Each configuration file identifies a facility (e.g., ACCESS, TACC, ORNL, ANL, etc.), is written in JSON and is named following the `resource_<facility_name>.json` convention. Each facility configuration file contains a set of platform IDs. 

For example, if users want to execute their RP application on Frontera, they will have to search for the [`resource_tacc.json`](https://github.com/radical-cybertools/radical.pilot/blob/master/src/radical/pilot/configs/resource_tacc.json) file and, inside that file, for the key(s) that start with the name `frontera`. The file `resource_tacc.json` contains the keys `frontera`, `frontera_rtx`, and `frontera_prte`. Each key identifies a specific set of configuration parameters: `frontera` offers a general-purpose set of configuration parameters; `frontera_rtx` enables the use of the `rtx` queue; and `frontera_prte` the use of the PRTE launch method to execute the application's tasks. 
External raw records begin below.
lemma L2_set_Umat_transpose_le:
  fixes R0 p0 :: real and I :: "nat set" and x :: "nat \<Rightarrow> real"
  assumes R0: "R0 > 0" and p0: "p0 > -1" and I: "finite I" "0 \<notin> I"
    \<comment> \<open>the constant mode Theta_0 has twice the norm of the others\<close>
  shows "L2_set (\<lambda>l. \<Sum>k\<in>I. Umat R0 p0 k l * x k) I \<le> pi * L2_set (\<lambda>k. real (beta k) * x k) I"
proof -
  define L where "L = Lpar R0 p0"
  define w where "w = 2 * pi / L"
  define \<nu> where "\<nu> = (1 + p0) / 2"
  define \<theta> where "\<theta> = Theta_tilde R0 p0"
  define \<theta>' where "\<theta>' k = deriv (\<theta> k)" for k
  define F where "F s = (\<Sum>k\<in>I. x k * \<theta>' k s)" for s
  have \<nu>: "\<nu> > 0" using p0 by (simp add: \<nu>_def)
  have pos: "k > 0" if "k \<in> I" for k using that I(2) by (metis gr0I)
  have cont: "continuous_on {0..L} (\<theta> k)" if "k \<in> I" for k
    unfolding \<theta>_def using R0 pos[OF that] by (rule continuous_on_Theta_tilde)
  have cont': "continuous_on {0..L} (\<theta>' k)" if "k \<in> I" for k
    unfolding \<theta>'_def \<theta>_def using R0 pos[OF that] by (rule continuous_on_deriv_Theta_tilde)
  have F: "continuous_on {0..L} F"
    unfolding F_def using cont' by (intro continuous_on_sum continuous_on_mult_left) auto
  have orth: "integral {0..L} (\<lambda>s. \<theta> j s * \<theta> k s) = (if j = k then \<nu> else 0)"
    if "j \<in> I" "k \<in> I" for j k
    unfolding L_def \<theta>_def \<nu>_def using R0 p0 pos[OF that(1)] pos[OF that(2)] by (rule Theta_tilde_orthogonal)
  have orth': "integral {0..L} (\<lambda>s. \<theta>' j s * \<theta>' k s) =
      (if j = k then (real (beta k) * w)\<^sup>2 * \<nu> else 0)" if "j \<in> I" "k \<in> I" for j k
    unfolding L_def w_def \<theta>'_def \<theta>_def \<nu>_def
    using R0 p0 pos[OF that(1)] pos[OF that(2)] by (rule deriv_Theta_tilde_orthogonal)
  have "(\<Sum>l\<in>I. (\<Sum>k\<in>I. Umat R0 p0 k l * x k)\<^sup>2) =
      (\<Sum>l\<in>I. (integral {0..L} (\<lambda>s. (s * F s) * \<theta> l s))\<^sup>2) / (1 + p0)\<^sup>2"
    using Umat_transpose_apply[OF R0 I pos]
    by (simp add: L_def F_def \<theta>'_def \<theta>_def power_divide sum_divide_distrib)
  also have "\<dots> \<le> \<nu> * integral {0..L} (\<lambda>s. (s * F s)\<^sup>2) / (1 + p0)\<^sup>2"
    using F by (intro divide_right_mono bessel_inequality_integral[OF I(1) cont orth _ \<nu>])
      (auto intro!: continuous_intros)
  also have "\<dots> \<le> \<nu> * (L\<^sup>2 * integral {0..L} (\<lambda>s. (F s)\<^sup>2)) / (1 + p0)\<^sup>2"
    using \<nu> by (intro divide_right_mono mult_left_mono integral_id_mult_sq_le F) auto
  also have "integral {0..L} (\<lambda>s. (F s)\<^sup>2) = (\<Sum>k\<in>I. (real (beta k) * w)\<^sup>2 * \<nu> * (x k)\<^sup>2)"
    unfolding F_def by (rule integral_orthogonal_sum_sq[OF I(1) cont' orth'])
  also have "\<dots> = w\<^sup>2 * \<nu> * (\<Sum>k\<in>I. (real (beta k) * x k)\<^sup>2)"
    by (simp add: sum_distrib_left power_mult_distrib mult_ac)
  also have "\<nu> * (L\<^sup>2 * (w\<^sup>2 * \<nu> * (\<Sum>k\<in>I. (real (beta k) * x k)\<^sup>2))) / (1 + p0)\<^sup>2 =
      (\<nu> * L * w / (1 + p0))\<^sup>2 * (\<Sum>k\<in>I. (real (beta k) * x k)\<^sup>2)"
    using p0 by (simp add: field_simps power2_eq_square)
  also have "\<nu> * L * w / (1 + p0) = pi"
    using R0 p0 by (simp add: \<nu>_def w_def L_def Lpar_def)
  finally show ?thesis
    unfolding L2_set_def by (intro real_le_lsqrt) (simp_all add: sum_nonneg power_mult_distrib)
qed

theorem lemma4p8:
  fixes R0 p0 :: real
  assumes "R0 > 0" and "p0 > -1/2"
  shows "\<exists>C>0. \<forall>N1::nat. N1 \<ge> 4 \<longrightarrow>
           mat_opnorm {3..N1-1} (\<lambda>l k. Umat R0 p0 k l)
             \<le> C * mat_opnorm {3..N1-1} Dhalf"
proof (intro exI[of _ pi] conjI allI impI pi_gt_zero)
  fix N1 :: nat assume "N1 \<ge> 4"
  define I where "I = {3..N1 - 1}"
  define m where "m = N1 - 1"
  have I: "finite I" "0 \<notin> I" "m \<in> I" using \<open>N1 \<ge> 4\<close> by (auto simp: I_def m_def)
  have "mat_opnorm I (\<lambda>l k. Umat R0 p0 k l) \<le> pi * real (beta m)"
  proof (rule mat_opnorm_le)
    fix x :: "nat \<Rightarrow> real" assume "L2_set x I \<le> 1"
    have "L2_set (\<lambda>l. \<Sum>k\<in>I. Umat R0 p0 k l * x k) I \<le> pi * L2_set (\<lambda>k. real (beta k) * x k) I"
      by (rule L2_set_Umat_transpose_le) (use assms I in auto)
    also have "L2_set (\<lambda>k. real (beta k) * x k) I \<le> real (beta m) * L2_set x I"
      by (rule L2_set_mult_le) (auto simp: I_def m_def beta_def div_le_mono)
    also have "\<dots> \<le> real (beta m)"
      using \<open>L2_set x I \<le> 1\<close> by (simp add: mult_left_le)
    finally show "L2_set (\<lambda>l. \<Sum>k\<in>I. Umat R0 p0 k l * x k) I \<le> pi * real (beta m)"
      by simp
  qed
  also have "real (beta m) \<le> mat_opnorm I Dhalf"
    using abs_entry_le_mat_opnorm[OF I(1) I(3) I(3), of Dhalf] by (simp add: Dhalf_def)
  finally show "mat_opnorm {3..N1-1} (\<lambda>l k. Umat R0 p0 k l) \<le> pi * mat_opnorm {3..N1-1} Dhalf"
    unfolding I_def by simp
qed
Once users decide what configuration to use, they will compose the value to use for the `resource` attribute of their `radical.pilot.PilotDescription` object. That value is named following the `<facility_name>.<platform_name>` convention. Thus, for Frontera, the value will be `tacc.frontera`, `tacc.frontera_rtx` or `tacc.frontera_prte`.  

### Customizing a predefined resource

Users can customize existing platform configuration files by overwriting existing key/value pairs. There are two ways to do that:

1. Redefining a key/value pair when coding the `radical.pilot.PilotDescription` object;
2. creating a configuration file in their local home directory.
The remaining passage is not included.